Secure any of these nesting sites out of major weather, but somewhere where it can get partial sun (east and southeast-facing work best)
To read more, see the Xerxes Society Save the Stems brochure and their Nests for Native Bees guide, and our own guide for Bee-Friendly Backyards!
Bat Box
Bat house, St. Louis Zoo, St. Louis, Missouri, 2006. Robert Lawton, via Wikimedia Commons, CC-BY SA 2.5
Rating: Intricate, 5 out of 5 Moths
Materials: untreated wood, nails or screws, potentially a saw, measuring tape, sand paper or dremel
Some wildlife houses are for raising babies, others are shelters for sleep, but a bat house can take either role depending on its location! Spring and summer are the times bat houses are most likely to be used, and whether they’re used by nursing mothers raising pups, or bats without pups, depends on the internal temperature. Bat houses in locations that get early sun warm up a house for babies who have been left alone overnight while mother bats hunt. Meanwhile, bats without pups tend to prefer a house that warms up in the evening, as this will allow them to maintain a cool torpor through the day until it is time to exit their roost to hunt.
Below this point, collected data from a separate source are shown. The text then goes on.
lemma sphere_add_scaled_in_ball:
  fixes b u \<mu> :: complex and t \<kappa> :: real
  assumes b: "cmod b = 1" and u: "Re (cnj b * u) = - \<kappa>" "cmod u = 1"
    and \<mu>: "cmod (\<mu> - 1) \<le> \<kappa> / 2" and t: "0 < t" "t < \<kappa> / 4"
  shows "b + of_real t * (u * \<mu>) \<in> ball 0 1"
proof -
  define v where "v = u * \<mu>"
  have "Re (cnj b * v) = Re (cnj b * u) + Re (cnj b * u * (\<mu> - 1))"
    by (simp add: v_def algebra_simps)
  also have "Re (cnj b * u * (\<mu> - 1)) \<le> cmod (\<mu> - 1)"
    using complex_Re_le_cmod[of "cnj b * u * (\<mu> - 1)"] b u(2) by (simp add: norm_mult)
  finally have re: "Re (cnj b * v) \<le> - \<kappa> / 2" using u(1) \<mu> by linarith
  have "\<kappa> \<le> 1" using abs_Re_le_cmod[of "cnj b * u"] b u by (simp add: norm_mult)
  then have "cmod v \<le> 2" using norm_triangle_ineq2[of \<mu> 1] \<mu> u(2) by (simp add: v_def norm_mult)
  then have v: "(cmod v)\<^sup>2 \<le> 4" using power_mono[of "cmod v" 2 2] by simp
  have "(cmod (b + of_real t * v))\<^sup>2 = (cmod b)\<^sup>2 + 2 * t * Re (cnj b * v) + t\<^sup>2 * (cmod v)\<^sup>2"
    unfolding cmod_power2 by (simp add: power2_eq_square algebra_simps)
  also have "\<dots> \<le> 1 - t * \<kappa> + t\<^sup>2 * 4"
  proof -
    have "2 * t * Re (cnj b * v) \<le> 2 * t * (- \<kappa> / 2)" using re t by (intro mult_left_mono) auto
    moreover have "t\<^sup>2 * (cmod v)\<^sup>2 \<le> t\<^sup>2 * 4" using v by (intro mult_left_mono) auto
    ultimately show ?thesis using b by simp
  qed
  also have "\<dots> < 1"
    using mult_strict_left_mono[of "4 * t" \<kappa> t] t by (simp add: power2_eq_square algebra_simps)
  finally have "cmod (b + of_real t * v) < 1" by (simp add: power_less_one_iff)
  then show ?thesis by (simp add: v_def)
qed

lemma inward_directions_rotated_by_root_of_unity:
  fixes b :: complex
  assumes b: "cmod b = 1" and m: "m \<ge> 3"
  obtains u \<omega> where "cmod u = 1" "cmod \<omega> = 1" "\<omega> ^ m = 1" "\<omega> \<noteq> 1"
    "Re (cnj b * u) = - cos (pi / m)" "Re (cnj b * (\<omega> * u)) = - cos (pi / m)"
proof
  define u where "u = - b * cis (- pi / m)"
  define \<omega> where "\<omega> = cis (2 * pi / m)"
  have bb: "cnj b * b = 1" using complex_norm_square[of b] b by (simp add: mult.commute)
  show "cmod u = 1" "cmod \<omega> = 1" using b by (simp_all add: u_def \<omega>_def norm_mult)
  have "\<omega> ^ m = cis (real m * (2 * pi / m))" unfolding \<omega>_def by (rule Complex.DeMoivre)
  then show "\<omega> ^ m = 1" using m by simp
  have "0 < 2 * pi / m" "2 * pi / m < pi" using m pi_gt_zero by (auto simp: field_simps)
  then have "sin (2 * pi / m) > 0" by (intro sin_gt_zero)
  then show "\<omega> \<noteq> 1" by (auto simp: \<omega>_def complex_eq_iff)
  have neg: "cnj b * (- b * w) = - w" for w
    using bb by (simp add: mult.assoc[symmetric])
  have "\<omega> * u = - b * cis (pi / m)"
    unfolding \<omega>_def u_def by (simp add: cis_mult field_simps mult.left_commute[of "cis _"])
  then show "Re (cnj b * u) = - cos (pi / m)" "Re (cnj b * (\<omega> * u)) = - cos (pi / m)"
    unfolding u_def by (simp_all only: neg) simp_all
qed

lemma equal_powers_near_sphere_point:
  fixes h :: "complex \<Rightarrow> complex" and b u \<omega> :: complex
  assumes b: "cmod b = 1" and \<kappa>: "0 < \<kappa>"
    and u: "cmod u = 1" "Re (cnj b * u) = - \<kappa>"
    and \<omega>: "cmod \<omega> = 1" "\<omega> ^ m = 1" "\<omega> \<noteq> 1" "Re (cnj b * (\<omega> * u)) = - \<kappa>"
    and \<rho>: "\<rho> > 0" and h_nz: "\<And>z. z \<in> ball b \<rho> \<Longrightarrow> h z \<noteq> 0"
    and h_close: "\<And>z. z \<in> ball b \<rho> \<Longrightarrow> cmod (h z - h b) < cmod (h b) * \<kappa> / 8"
    and \<eta>: "\<eta> > 0" "ball 0 \<eta> \<subseteq> (\<lambda>z. (z - b) * h z) ` ball b \<rho>"
  obtains z1 z2 where "z1 \<in> ball 0 1 \<inter> ball b \<rho>" "z2 \<in> ball 0 1 \<inter> ball b \<rho>" "z1 \<noteq> z2"
    "((z1 - b) * h z1) ^ m = ((z2 - b) * h z2) ^ m"
proof -
  define g where "g z = (z - b) * h z" for z
  have "\<kappa> \<le> 1" using abs_Re_le_cmod[of "cnj b * u"] b u by (simp add: norm_mult)
  define M where "M = cmod (h b) * (1 + \<kappa> / 8)"
  have M: "cmod (h z) \<le> M" if "z \<in> ball b \<rho>" for z
    using h_close[OF that] norm_triangle_ineq2[of "h z" "h b"] unfolding M_def by argo
  have "M > 0" using h_nz[of b] \<rho> \<kappa> by (simp add: M_def add_pos_pos)
  define t where "t = min (\<rho> / 2) (min (\<kappa> / 8) (\<eta> / (2 * M)))"
  have t: "0 < t" "t < \<rho>" "t < \<kappa> / 4" "t * M < \<eta>"
  proof -
    have "t \<le> \<rho> / 2" "t \<le> \<kappa> / 8" "t \<le> \<eta> / (2 * M)" by (simp_all add: t_def)
    moreover have "0 < t" using \<rho> \<kappa> \<eta> \<open>M > 0\<close> by (simp add: t_def)
    ultimately show "0 < t" "t < \<rho>" "t < \<kappa> / 4" "t * M < \<eta>"
      using \<rho> \<kappa> \<eta> \<open>M > 0\<close> by (auto simp: field_simps)
  qed
  define z1 where "z1 = b + of_real t * u"
  have z1: "z1 \<in> ball 0 1" "z1 \<in> ball b \<rho>"
    using sphere_add_scaled_in_ball[OF b u(2,1), where \<mu> = 1] t u by (auto simp: z1_def dist_norm norm_mult)
  have "cmod (\<omega> * g z1) = t * cmod (h z1)" using t u \<omega>(1) by (simp add: g_def z1_def norm_mult)
  also have "\<dots> \<le> t * M" using M[OF z1(2)] t(1) by (intro mult_left_mono) auto
  finally have "cmod (\<omega> * g z1) < \<eta>" using t(4) by linarith
  then obtain z2 where z2: "z2 \<in> ball b \<rho>" "g z2 = \<omega> * g z1"
    using \<eta>(2) unfolding g_def by (force simp: dist_norm)
  have "cmod (h z1 / h z2 - 1) \<le> \<kappa> / 2"
    using h_close[OF z1(2)] h_close[OF z2(1)] \<open>\<kappa> \<le> 1\<close> by (intro norm_divide_sub_one_le)
  moreover have "z2 = b + of_real t * ((\<omega> * u) * (h z1 / h z2))"
    using z2(2) h_nz[OF z2(1)] by (simp add: g_def z1_def field_simps)
  moreover have "cmod (\<omega> * u) = 1" using u \<omega> by (simp add: norm_mult)
  ultimately have "z2 \<in> ball 0 1" using sphere_add_scaled_in_ball[OF b \<omega>(4)] t by metis
  moreover have "z1 \<noteq> z2"
  proof
    assume "z1 = z2"
    then have "g z1 = \<omega> * g z1" using z2(2) by simp
    moreover have "g z1 \<noteq> 0" using h_nz[OF z1(2)] t u by (auto simp: g_def z1_def)
    ultimately show False using \<omega>(3) by simp
  qed
  moreover have "g z2 ^ m = g z1 ^ m" using \<omega>(2) by (simp add: z2(2) power_mult_distrib)
  ultimately show thesis using that z1 z2(1) unfolding g_def by (metis IntI)
qed

lemma inj_on_unit_disc_sphere_order_le_2:
  fixes R G :: "complex \<Rightarrow> complex"
  assumes b: "cmod b = 1" and inj: "inj_on R (ball 0 1)" and \<delta>: "\<delta> > 0"
    and G: "G holomorphic_on ball b \<delta>" "\<And>z. z \<in> ball b \<delta> \<Longrightarrow> G z \<noteq> 0"
    and R_eq: "\<And>z. z \<in> ball 0 1 \<inter> ball b \<delta> \<Longrightarrow> R z = c0 + (z - b) ^ m * G z"
  shows "m \<le> 2"
proof (rule ccontr)
  assume "\<not> m \<le> 2"
  then have m: "m \<ge> 3" by simp
  obtain h where h: "h holomorphic_on ball b \<delta>" "\<And>z. z \<in> ball b \<delta> \<Longrightarrow> h z ^ m = G z"
    by (rule holomorphic_nth_root_exists[OF convex_ball open_ball G, of m]) (use m in auto)
  have h_nz: "h z \<noteq> 0" if "z \<in> ball b \<delta>" for z using h(2)[OF that] G(2)[OF that] m by (auto simp: power_0_left)
  define \<kappa> where "\<kappa> = cos (pi / m)"
  have \<kappa>: "0 < \<kappa>" using m by (simp add: \<kappa>_def cos_pi_div_pos)
  obtain u \<omega> where u: "cmod u = 1" "Re (cnj b * u) = - \<kappa>"
    and \<omega>: "cmod \<omega> = 1" "\<omega> ^ m = 1" "\<omega> \<noteq> 1" "Re (cnj b * (\<omega> * u)) = - \<kappa>"
    using inward_directions_rotated_by_root_of_unity[OF b m] unfolding \<kappa>_def by blast
  have "0 < cmod (h b) * \<kappa> / 8" using h_nz[of b] \<delta> \<kappa> by simp
  then obtain \<rho> where \<rho>: "0 < \<rho>" "\<rho> \<le> \<delta>"
    and h_close: "\<And>z. z \<in> ball b \<rho> \<Longrightarrow> cmod (h z - h b) < cmod (h b) * \<kappa> / 8"
    using continuous_on_ball_near_centre[OF holomorphic_on_imp_continuous_on[OF h(1)] \<delta>]
    by (metis dist_norm)
  have h_nz': "h z \<noteq> 0" if "z \<in> ball b \<rho>" for z using h_nz that \<rho>(2) by auto
  define g where "g = (\<lambda>z. (z - b) * h z)"
  have g: "g holomorphic_on ball b \<rho>"
    using holomorphic_on_subset[OF h(1) subset_ball[OF \<rho>(2)]] unfolding g_def by (intro holomorphic_intros)
  have "g b \<noteq> g (b + of_real (\<rho> / 2))" using h_nz[of "b + of_real (\<rho> / 2)"] \<rho> by (simp add: g_def dist_norm)
  moreover have "b \<in> ball b \<rho>" "b + of_real (\<rho> / 2) \<in> ball b \<rho>" using \<rho> by (auto simp: dist_norm)
  ultimately have "\<not> g constant_on ball b \<rho>" unfolding constant_on_def by metis
  then have "open (g ` ball b \<rho>)" by (intro open_mapping_thm[OF g]) auto
  moreover have "0 \<in> g ` ball b \<rho>" using \<rho> by (force simp: g_def)
  ultimately obtain \<eta> where \<eta>: "\<eta> > 0" "ball 0 \<eta> \<subseteq> g ` ball b \<rho>" by (meson open_contains_ball)
  obtain z1 z2 where z: "z1 \<in> ball 0 1 \<inter> ball b \<rho>" "z2 \<in> ball 0 1 \<inter> ball b \<rho>" "z1 \<noteq> z2"
    and "g z1 ^ m = g z2 ^ m"
    using equal_powers_near_sphere_point[OF b \<kappa> u \<omega> \<rho>(1) h_nz' h_close \<eta>(1) \<eta>(2)[unfolded g_def]]
    unfolding g_def by auto
  moreover have "R z = c0 + g z ^ m" if "z \<in> ball 0 1 \<inter> ball b \<rho>" for z
    using R_eq[of z] h(2)[of z] that \<rho>(2) by (auto simp: g_def power_mult_distrib)
  ultimately have "R z1 = R z2" using z by simp
  then show False using inj z by (auto dest: inj_onD)
qed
See the bat house plans here (rocket boxes are especially favored by temperate bats) and Bat Conservation International’s Guidelines here for additional (and useful advice).
When building your bat house:
- Use untreated wood: Bats groom by licking themselves, and may ingest chemicals from treated wood.
- Bat boxes should be tall: Bats prefer roosting in spaces where they can find a wide variety of temperatures and humidities (called microclimates), so their tiny bodies get neither too hot nor too cold.
- The more boxes the better: Multiple locations nearby mean bats can leave for a nearby roost if needed due to predators or temperature needs.
- Attach 10-16 ft from ground to bottom of house: Bats “drop and fly” to leave their roosts, and this gives space to do so.
- Make sure there’s a lip extending from the bottom: This is how bats will enter; bats land on a rough surface and use their thumbs to crawl upwards into their shelters. So, either ensure the lip is roughed up with sandpaper, or use a dremel to carve horizontal grooves to allow them to climb in! Avoid using mesh, as this may detach and trap a roosting bat.
- Make sure the house doesn’t overheat: High heat indexes can cause problems for tiny bats; ensure the location for the house isn’t in direct sunlight for too many hours at a time, or install a sunshade that you can deploy on hot days!